My husband and I have been married for almost nine years. He was diagnosed as a child with ADHD, but not by a specialist, by his mother, and was never treated. He was treated for depression and Tourette Syndrome. He has been recently diagnosed with ADHD as an adult and is receiving treatment. Yesterday we met with the specialist and he should be starting his new medication tomorrow. I am hopeful and anxiously awaiting a change. At the clinic I bought the book The ADHD Effect on Marriage. How I wish I had found this book long ago.

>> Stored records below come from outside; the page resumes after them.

lemma circle_wrap_unit_interval:
  assumes "z \<in> circle"
  obtains a where "0 \<le> a" "a < 1" "z = wrap a"
proof
  define a where "a = frac (Arg z / (2 * pi))"
  show "0 \<le> a" "a < 1"
    by (auto simp: a_def frac_lt_1)
  have "norm z = 1"
    using assms by (simp add: circle_def)
  then have "z \<noteq> 0"
    by auto
  with \<open>norm z = 1\<close> have "z = cis (Arg z)"
    using cis_Arg[of z] by (simp add: sgn_div_norm)
  also have "Arg z = 2 * pi * a + 2 * pi * of_int \<lfloor>Arg z / (2 * pi)\<rfloor>"
    by (simp add: a_def frac_def algebra_simps)
  also have "cis \<dots> = wrap a"
    by (simp add: cis_mult[symmetric] cis_multiple_2pi)
  finally show "z = wrap a" .
qed

lemma circle_measure_rotation_invariant:
  assumes t: "t \<in> circle"
  shows "distr circle_measure circle_measure (\<lambda>y. y * t) = circle_measure"
proof (rule measure_eqI)
  obtain a where a: "0 \<le> a" "a < 1" and t_eq: "t = wrap a"
    using circle_wrap_unit_interval[OF t] by blast
  have rotation: "(\<lambda>y. y * t) \<in> circle_measure \<rightarrow>\<^sub>M circle_measure"
  proof -
    have "(\<lambda>y. y * t) \<in> restrict_space borel circle \<rightarrow>\<^sub>M restrict_space borel circle"
      using t by (intro measurable_restrict_space2 measurable_restrict_space1)
        (auto simp: circle_def norm_mult space_restrict_space)
    then show ?thesis
      by (simp add: measurable_cong_sets[OF sets_circle_measure sets_circle_measure])
  qed
  fix A assume "A \<in> sets (distr circle_measure circle_measure (\<lambda>y. y * t))"
  then have A: "A \<in> sets circle_measure"
    by simp
  then have [measurable]: "A \<in> sets borel"
    by (simp add: sets_circle_measure_iff)
  have "emeasure (distr circle_measure circle_measure (\<lambda>y. y * t)) A
      = emeasure circle_measure ((\<lambda>y. y * t) -` A \<inter> circle)"
    by (simp add: emeasure_distr[OF rotation A] space_circle_measure)
  also have "\<dots> = emeasure lborel ({0..<1} \<inter> (\<lambda>s. s + a) -` (wrap -` A))"
    using measurable_sets[OF rotation A]
    by (simp add: emeasure_circle_measure space_circle_measure t_eq wrap_add wrap_in_circle vimage_def)
  also have "\<dots> = emeasure lborel ({0..<1} \<inter> wrap -` A)"
    using measurable_sets[OF wrap_borel_measurable \<open>A \<in> sets borel\<close>]
    by (intro emeasure_lborel_unit_interval_periodic_shift[OF _ _ a]) (simp_all add: wrap_add_1)
  also have "\<dots> = emeasure circle_measure A"
    by (rule emeasure_circle_measure[OF A, symmetric])
  finally show "emeasure (distr circle_measure circle_measure (\<lambda>y. y * t)) A = emeasure circle_measure A" .
qed simp
(* For every positive integer $n$, $N'(n,n-1,1)=n$.
   Context: $\mathbb{Z}_4$ is the ring of integers modulo $4$; a $\mathbb{Z}_4$-code of length $n$ is a $\mathbb{Z}_4$-submodule of $\mathbb{Z}_4^n$. Two codes are equivalent if one is obtained from the other by permuting coordinates and changing the signs of some coordinates. Every $\mathbb{Z}_4$-code is permutation-equivalent to one with generator matrix $\begin{pmatrix} I_{k_1} & A & B \\ O & 2I_{k_2} & 2D\end{pmatrix}$ with $A,D$ $(0,1)$-matrices and $B$ a $\mathbb{Z}_4$-matrix; the code then has type $4^{k_1}2^{k_2}$. The trivial extension of a code $C$ of length $n-1$ is $\{(c,0)\mid c\in C\}$ (the only code of length $0$ is the zero code). $N'(n,k_1,k_2)$ denotes the number of equivalence classes of $\mathbb{Z}_4$-codes of length $n$ and type $4^{k_1}2^{k_2}$ that are not equivalent to the trivial extension of any $\mathbb{Z}_4$-code of length $n-1$. *)

theory Defs
  imports "HOL-Combinatorics.Permutations"
begin

text \<open>Words of length n over Z4: functions nat => int with values in {0..3} on
  coordinates 0..n-1 and 0 beyond.\<close>
definition zvec :: "nat \<Rightarrow> (nat \<Rightarrow> int) set" where
  "zvec n = {v. (\<forall>i<n. 0 \<le> v i \<and> v i < 4) \<and> (\<forall>i\<ge>n. v i = 0)}"

definition zadd :: "(nat \<Rightarrow> int) \<Rightarrow> (nat \<Rightarrow> int) \<Rightarrow> nat \<Rightarrow> int" where
  "zadd x y = (\<lambda>i. (x i + y i) mod 4)"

I have been so tired, angry, frustrated, lonely and ANGRY. I told my husband a few years ago I felt like I was dying inside. I tried to tell him why. I felt like I was married to a rock. A man with no emotion, no interest in anything, someone so laid back it drove me crazy, no opinions about anything. I realize now it was his ADHD. We've had talks over the years about my feelings. To the point where I was ready to leave. I know he hated the way he was making me feel. I hated the way I was making him feel. I eventually gave up trying to talk to him. Knowing that talking would just make things worse. He would feel awful, depressed and helpless at wanting to change but not knowing how. So I suffered inside. All the things that bothered me still bothered me, but I would no longer mention them. The book mentions how some spouses give in to verbal abuse to get their mates to pay attention to them. I suffered verbal abuse from my father growing up so that was never an option for me. I would never subject someone I love to that. I did verbally abuse him in my mind though. I feel really awful about it. I'm sure it must have come across in my body language somehow. He recently said he had given up on getting any physical affection from me for years now. He attributed it to me just not being an affectionate person, maybe something to do with my father growing up or not seeing affection between my parents. But I think I was so angry at him most of the time I couldn't bear to show him affection. But he didn't know that. What was the point in telling him. It's not like it would make any difference.
But...I'm hopeful that things will get better. Finally, he is getting the treatment he needs. I want him to feel better. It's not just about me. Perhaps I have been selfish in thinking that way. He needs this for himself most importantly.